Admiral Sir Thomas Frankland, 5th Baronet (26 June 1718 – 21 November 1784) was a British naval officer, MP and slave trader. He was the second son of Henry Frankland and Mary Cross. Frankland was born in the East Indies (probably India), his father being a member of the East India Company and briefly Governor of Bengal.

Naval career

He entered the navy in 1731, serving in HMS York under Capt. Philip Vanbrugh, HMS Scarborough, and HMS Oxford before becoming a lieutenant in 1737. On 23 February 1738, he was sent to HMS Chatham, again under Capt. Vanbrugh, where he served for two years.

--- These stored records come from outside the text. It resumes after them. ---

lemma logit_substitution:
  fixes h k :: "real \<Rightarrow> real"
  assumes h_cont: "\<And>u. isCont h u" and h_nonneg: "\<And>u. h u \<ge> 0"
    and hk: "\<And>s. 0 < s \<Longrightarrow> s < 1 \<Longrightarrow>
               h ((ln s - ln (1 - s)) / (2 * pi)) * ((1 / s + 1 / (1 - s)) / (2 * pi)) = k s"
    and k_int: "set_integrable lborel {0<..<1} k" and k_I: "(k has_integral I) {0<..<1}"
  shows "integrable lborel h" and "integral\<^sup>L lborel h = I"
proof -
  define g where "g s = (ln s - ln (1 - s)) / (2 * pi)" for s :: real
  define g' where "g' s = (1 / s + 1 / (1 - s)) / (2 * pi)" for s :: real
  have e01: "einterval 0 1 = {0<..<(1::real)}"
    by (auto simp: einterval_def)
  have eq: "(\<lambda>s. indicator {0<..<1} s *\<^sub>R (h (g s) * g' s)) = (\<lambda>s. indicator {0<..<1} s *\<^sub>R k s)"
    using hk by (auto simp: fun_eq_iff g_def g'_def indicator_def)
  have hg_int: "set_integrable lborel (einterval 0 1) (\<lambda>s. h (g s) * g' s)"
    using k_int unfolding e01 set_integrable_def eq .
  have deriv: "DERIV g s :> g' s" if "0 < ereal s" "ereal s < 1" for s
    using that unfolding g_def g'_def by (auto intro!: derivative_eq_intros simp: field_simps)
  have lim0: "((ereal \<circ> g \<circ> real_of_ereal) \<longlongrightarrow> -\<infinity>) (at_right 0)"
    unfolding zero_ereal_def ereal_tendsto_simps g_def by real_asymp
  have lim1: "((ereal \<circ> g \<circ> real_of_ereal) \<longlongrightarrow> \<infinity>) (at_left 1)"
    unfolding one_ereal_def ereal_tendsto_simps g_def by real_asymp
  have S: "set_integrable lborel (einterval (-\<infinity>) \<infinity>) h"
          "(LBINT u=-\<infinity>..\<infinity>. h u) = (LBINT s=0..1. h (g s) * g' s)"
    by (rule interval_integral_substitution_nonneg[OF _ deriv _ _ _ _ lim0 lim1 hg_int];
        auto simp: h_cont h_nonneg g'_def einterval_iff intro!: continuous_intros)+
  show "integrable lborel h" using S(1) by (simp add: set_integrable_def)
  have "(LBINT s=0..1. h (g s) * g' s) = (LBINT s : {0<..<1}. h (g s) * g' s)"
    using interval_integral_Ioo[of 0 1] by (simp add: zero_ereal_def one_ereal_def)
  also have "\<dots> = (LBINT s : {0<..<1}. k s)"
    unfolding set_lebesgue_integral_def eq ..
  also have "\<dots> = integral {0<..<1} k"
    by (rule set_borel_integral_eq_integral(2)[OF k_int])
  also have "\<dots> = I" using k_I by (rule integral_unique)
  finally show "integral\<^sup>L lborel h = I"
    using S(2) by (simp add: interval_lebesgue_integral_def set_lebesgue_integral_def)
qed

lemma exp_logit:
  assumes "0 < s" "s < 1"
  shows "exp (t * ((ln s - ln (1 - s)) / (2 * pi))) = s powr (t / (2 * pi)) * (1 - s) powr (- (t / (2 * pi)))"
  using assms by (simp add: powr_def exp_add[symmetric] field_simps)

lemma sech_logit:
  assumes s: "0 < s" "s < 1"
  shows "sech (pi * ((ln s - ln (1 - s)) / (2 * pi))) = 2 * s powr (1/2) * (1 - s) powr (1/2)"
proof -
  define P where "P = s powr (1/2)"
  define Q where "Q = (1 - s) powr (1/2)"
  have P: "P > 0" "P * P = s" using s by (auto simp: P_def powr_add[symmetric])
  have Q: "Q > 0" "Q * Q = 1 - s" using s by (auto simp: Q_def powr_add[symmetric])
  have "exp (pi * ((ln s - ln (1 - s)) / (2 * pi))) = P / Q"
    unfolding exp_logit[OF s] using s by (simp add: P_def Q_def powr_minus_divide)
  then have "cosh (pi * ((ln s - ln (1 - s)) / (2 * pi))) = (P / Q + Q / P) / 2"
    by (simp add: cosh_def exp_minus)
  also have "\<dots> = (P * P + Q * Q) / (2 * P * Q)"
    using P Q by (simp add: field_simps)
  also have "\<dots> = 1 / (2 * P * Q)"
    by (simp add: P Q)
  finally show ?thesis by (simp add: sech_def P_def Q_def)
qed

He was briefly transferred to HMS Cumberland in March 1740 before promotion to captain on 15 July 1740 aboard HMS Rose.

He was promptly assigned to carry the newly appointed Governor of the Bahamas, John Tinker, to the islands, and remained in the Bahamas until 1746, fighting Spanish privateers and taking a number of prizes. He then returned home and was given command of HMS Dragon and sent to the West Indies. On 31 July 1755, he was given command of the Leeward Islands Station as a commodore, arriving aboard HMS Winchester in October. Able but stubborn and of a difficult temper, he was involved in quarrels with his predecessor, Thomas Pye, and the local authorities in Antigua. He was promoted rear admiral while there, but refusing to accede to the Admiralty's wish to control some of the patronage at his disposal (declaring in a letter to the secretary "I have friends of my own to provide for") fell into immediate disfavour with his superiors. On 5 May 1757, he was replaced by Commodore John Moore, and returned to England in October, never to return to active duty. His promotions, however, continued in the usual manner as he gained seniority, culminating in the rank of Admiral of the White. During his stay in the West Indies he profiteered actively from slave trade.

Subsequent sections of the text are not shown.